Problem to work on
Pick each line containing the word "operations" out of the data below.

**** Task material

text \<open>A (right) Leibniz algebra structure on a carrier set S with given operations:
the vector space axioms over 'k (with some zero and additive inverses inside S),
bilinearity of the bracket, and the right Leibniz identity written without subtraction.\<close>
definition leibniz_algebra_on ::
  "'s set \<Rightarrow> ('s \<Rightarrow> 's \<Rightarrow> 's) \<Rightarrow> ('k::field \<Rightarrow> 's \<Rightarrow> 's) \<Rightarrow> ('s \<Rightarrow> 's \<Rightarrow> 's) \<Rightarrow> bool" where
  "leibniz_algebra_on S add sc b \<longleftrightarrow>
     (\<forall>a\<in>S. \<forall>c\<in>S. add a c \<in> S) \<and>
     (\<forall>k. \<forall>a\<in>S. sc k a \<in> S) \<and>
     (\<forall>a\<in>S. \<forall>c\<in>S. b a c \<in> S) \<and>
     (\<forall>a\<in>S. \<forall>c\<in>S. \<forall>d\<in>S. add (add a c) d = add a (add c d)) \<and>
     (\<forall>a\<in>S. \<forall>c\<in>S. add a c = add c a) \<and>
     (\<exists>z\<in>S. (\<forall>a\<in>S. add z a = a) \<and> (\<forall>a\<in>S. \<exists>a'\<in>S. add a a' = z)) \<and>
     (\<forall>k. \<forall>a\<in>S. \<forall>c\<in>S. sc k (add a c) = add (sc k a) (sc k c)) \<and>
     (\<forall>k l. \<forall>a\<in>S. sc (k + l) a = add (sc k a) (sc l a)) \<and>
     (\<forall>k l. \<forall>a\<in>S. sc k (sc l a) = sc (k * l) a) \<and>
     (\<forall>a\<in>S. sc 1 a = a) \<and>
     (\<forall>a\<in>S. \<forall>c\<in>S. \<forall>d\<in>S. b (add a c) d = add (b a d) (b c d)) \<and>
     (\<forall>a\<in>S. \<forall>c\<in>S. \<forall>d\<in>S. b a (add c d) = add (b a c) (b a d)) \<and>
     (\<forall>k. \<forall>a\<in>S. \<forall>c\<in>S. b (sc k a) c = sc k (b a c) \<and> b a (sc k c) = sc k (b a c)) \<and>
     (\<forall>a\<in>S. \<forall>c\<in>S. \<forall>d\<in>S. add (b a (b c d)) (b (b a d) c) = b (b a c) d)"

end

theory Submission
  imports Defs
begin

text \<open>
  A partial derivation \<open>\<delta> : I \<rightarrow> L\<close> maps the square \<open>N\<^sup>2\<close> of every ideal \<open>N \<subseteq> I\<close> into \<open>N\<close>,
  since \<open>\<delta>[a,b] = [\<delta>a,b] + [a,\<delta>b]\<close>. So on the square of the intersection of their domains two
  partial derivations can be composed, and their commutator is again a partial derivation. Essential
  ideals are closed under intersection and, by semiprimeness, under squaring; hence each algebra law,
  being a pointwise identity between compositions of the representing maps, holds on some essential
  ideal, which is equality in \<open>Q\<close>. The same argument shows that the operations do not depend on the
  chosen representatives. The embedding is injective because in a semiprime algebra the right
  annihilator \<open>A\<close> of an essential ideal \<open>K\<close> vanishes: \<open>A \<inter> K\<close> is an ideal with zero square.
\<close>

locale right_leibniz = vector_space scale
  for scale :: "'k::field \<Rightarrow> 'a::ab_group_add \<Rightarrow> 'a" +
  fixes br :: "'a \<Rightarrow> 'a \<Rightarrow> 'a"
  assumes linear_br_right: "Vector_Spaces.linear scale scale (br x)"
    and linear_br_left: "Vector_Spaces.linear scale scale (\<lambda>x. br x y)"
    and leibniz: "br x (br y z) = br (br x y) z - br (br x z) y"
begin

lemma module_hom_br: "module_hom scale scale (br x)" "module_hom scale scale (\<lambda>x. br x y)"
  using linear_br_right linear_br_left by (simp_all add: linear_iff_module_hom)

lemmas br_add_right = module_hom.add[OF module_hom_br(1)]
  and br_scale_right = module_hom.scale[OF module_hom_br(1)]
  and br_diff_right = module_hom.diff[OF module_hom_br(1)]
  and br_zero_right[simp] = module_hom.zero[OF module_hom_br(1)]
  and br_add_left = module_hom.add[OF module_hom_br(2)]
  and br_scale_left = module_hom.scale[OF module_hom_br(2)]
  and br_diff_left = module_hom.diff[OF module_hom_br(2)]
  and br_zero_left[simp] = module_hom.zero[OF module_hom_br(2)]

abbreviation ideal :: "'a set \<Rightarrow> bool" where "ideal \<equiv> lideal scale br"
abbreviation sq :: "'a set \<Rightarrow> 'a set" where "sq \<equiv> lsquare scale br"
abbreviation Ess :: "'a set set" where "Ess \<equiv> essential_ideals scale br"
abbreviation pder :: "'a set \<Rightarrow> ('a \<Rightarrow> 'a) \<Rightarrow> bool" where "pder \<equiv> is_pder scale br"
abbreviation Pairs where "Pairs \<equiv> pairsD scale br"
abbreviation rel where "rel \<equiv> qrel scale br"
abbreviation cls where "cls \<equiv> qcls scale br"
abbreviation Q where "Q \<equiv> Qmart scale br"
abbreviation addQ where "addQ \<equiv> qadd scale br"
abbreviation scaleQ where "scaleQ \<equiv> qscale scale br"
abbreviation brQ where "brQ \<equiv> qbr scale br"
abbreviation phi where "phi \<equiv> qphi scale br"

********

Response area
text \<open>A (right) Leibniz algebra structure on a carrier set S with given operations:
  ideal, which is equality in \<open>Q\<close>. The same argument shows that the operations do not depend on the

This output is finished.